## What you are asked to do
Your answer should be the lines below from the one with "- 1 + t_exp" to the one with "by (simp add: prefix_heights_def)", both included, given again exactly and with nothing added.

## Stored data

>>

fun gen_heights :: "int \<Rightarrow> 'k letter list \<Rightarrow> (int \<times> 'k) list" where
  "gen_heights h [] = []"
| "gen_heights h (Gen r # w) = (h, r) # gen_heights h w"
| "gen_heights h (Tp # w) = gen_heights (h + 1) w"
| "gen_heights h (Tm # w) = gen_heights (h - 1) w"

definition prefix_heights :: "'k letter list \<Rightarrow> int set" where
  "prefix_heights w = (\<lambda>k. t_exp (take k w)) ` {0..length w}"

lemma t_exp_append [simp]: "t_exp (u @ v) = t_exp u + t_exp v"
  by (induction u rule: t_exp.induct) auto

lemma t_exp_eq_count: "t_exp w = int (count_list w Tp) - int (count_list w Tm)"
  by (induction w rule: t_exp.induct) auto

lemma length_eq_counts: "length w = length (gen_heights h w) + count_list w Tp + count_list w Tm"
  by (induction h w rule: gen_heights.induct) auto

lemma gen_heights_append: "gen_heights h (u @ v) = gen_heights h u @ gen_heights (h + t_exp u) v"
  by (induction h u rule: gen_heights.induct) (auto simp: algebra_simps)

lemma gen_heights_mem:
  assumes "(h', r) \<in> set (gen_heights h w)"
  shows "Gen r \<in> set w" and "h' - h \<in> prefix_heights w"
proof -
  have "Gen r \<in> set w \<and> (\<exists>k\<le>length w. h' = h + t_exp (take k w))"
    using assms
  proof (induction h w rule: gen_heights.induct)
    case (2 h r' w)
    show ?case
    proof (cases "(h', r) = (h, r')")
      case True
      then show ?thesis by (intro conjI exI[of _ 0]) auto
    next
      case False
      with 2 obtain k where "Gen r \<in> set w" "k \<le> length w" "h' = h + t_exp (take k w)" by auto
      then show ?thesis by (intro conjI exI[of _ "Suc k"]) auto
    qed
  next
    case (3 h w)
    then obtain k where "Gen r \<in> set w" "k \<le> length w" "h' = h + 1 + t_exp (take k w)" by auto
    then show ?case by (intro conjI exI[of _ "Suc k"]) auto
  next
    case (4 h w)
    then obtain k where "Gen r \<in> set w" "k \<le> length w" "h' = h - 1 + t_exp (take k w)" by auto
    then show ?case by (intro conjI exI[of _ "Suc k"]) auto
  qed simp
  then show "Gen r \<in> set w" and "h' - h \<in> prefix_heights w"
    unfolding prefix_heights_def by auto
qed

lemma prefix_heights_finite: "finite (prefix_heights w)"
  by (simp add: prefix_heights_def)

lemma prefix_heights_0: "0 \<in> prefix_heights w"
  unfolding prefix_heights_def by (force intro: image_eqI[of _ _ 0])

lemma prefix_heights_t_exp: "t_exp w \<in> prefix_heights w"
  unfolding prefix_heights_def by (force intro: image_eqI[of _ _ "length w"])

lemma neg_t_exp_le_count_Tm: "- t_exp w \<le> int (count_list w Tm)"
  by (simp add: t_exp_eq_count)

lemma count_Tm_ge_height_range:
  assumes "a \<in> prefix_heights w" "b \<in> prefix_heights w" "0 \<le> t_exp w"
  shows "b - a - t_exp w \<le> int (count_list w Tm)"
proof -
  from assms obtain i j where a: "a = t_exp (take i w)" and b: "b = t_exp (take j w)"
    unfolding prefix_heights_def by auto
  show ?thesis
  proof (cases "i \<le> j")
    case True
    define seg where "seg = take (j - i) (drop i w)"
    have "take j w = take i w @ seg"
      using True unfolding seg_def by (metis le_add_diff_inverse take_add)
    then have w: "w = take i w @ seg @ drop j w"
      by (metis append.assoc append_take_drop_id)
    have "t_exp w = b + t_exp (drop j w)"
      using b by (metis append_take_drop_id t_exp_append)
    moreover have "count_list w Tm \<ge> count_list (take i w) Tm + count_list (drop j w) Tm"
      by (subst w) simp
    ultimately show ?thesis
      using a neg_t_exp_le_count_Tm[of "take i w"] neg_t_exp_le_count_Tm[of "drop j w"] by linarith
  next
    case False
    define seg where "seg = take (i - j) (drop j w)"
    have "take i w = take j w @ seg"
      using False unfolding seg_def by (metis le_add_diff_inverse nat_le_linear take_add)
    then have w: "w = take j w @ seg @ drop i w"
      by (metis append.assoc append_take_drop_id)
    have "t_exp seg = a - b"
      using a b \<open>take i w = take j w @ seg\<close> by simp
    moreover have "count_list w Tm \<ge> count_list seg Tm"
      by (subst w) simp
    ultimately show ?thesis
      using neg_t_exp_le_count_Tm[of seg] assms(3) by linarith
  qed
qed

lemma gen_heights_range:
  assumes "x \<in> set (gen_heights 0 w)"
  shows "Min (prefix_heights w) \<le> fst x \<and> fst x \<le> Max (prefix_heights w)"
  using gen_heights_mem(2)[of "fst x" "snd x" 0 w] assms
  by (simp add: Min_le Max_ge prefix_heights_finite)

lemma length_ge_height_span:
  assumes "0 \<le> t_exp w"
  shows "int (length (gen_heights 0 w)) + 2 * (Max (prefix_heights w) - Min (prefix_heights w))
    \<le> int (length w) + t_exp w"
proof -
  have "Min (prefix_heights w) \<in> prefix_heights w" "Max (prefix_heights w) \<in> prefix_heights w"
    using prefix_heights_0[of w] by (auto intro!: Min_in Max_in prefix_heights_finite)
  from count_Tm_ge_height_range[OF this assms]
  have "Max (prefix_heights w) - Min (prefix_heights w) - t_exp w \<le> int (count_list w Tm)" .
  moreover have "int (length w) =
      int (length (gen_heights 0 w)) + int (count_list w Tp) + int (count_list w Tm)"
    using length_eq_counts[of w 0] by simp
  ultimately show ?thesis
    unfolding right_diff_distrib using t_exp_eq_count[of w] by linarith
qed

text \<open>\<open>(phi_pow phi h r, 0)\<close> is the conjugate \<open>t\<^sup>h r t\<^sup>-\<^sup>h\<close>.\<close>

definition conj_sum :: "('k::ab_group_add \<Rightarrow> 'k) \<Rightarrow> (int \<times> 'k) list \<Rightarrow> 'k" where
  "conj_sum phi L = (\<Sum>(h, r)\<leftarrow>L. phi_pow phi h r)"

<<

## Answer
    then obtain k where "Gen r \<in> set w" "k \<le> length w" "h' = h - 1 + t_exp (take k w)" by auto
    then show ?case by (intro conjI exI[of _ "Suc k"]) auto
  qed simp
  then show "Gen r \<in> set w" and "h' - h \<in> prefix_heights w"
    unfolding prefix_heights_def by auto
qed

lemma prefix_heights_finite: "finite (prefix_heights w)"
  by (simp add: prefix_heights_def)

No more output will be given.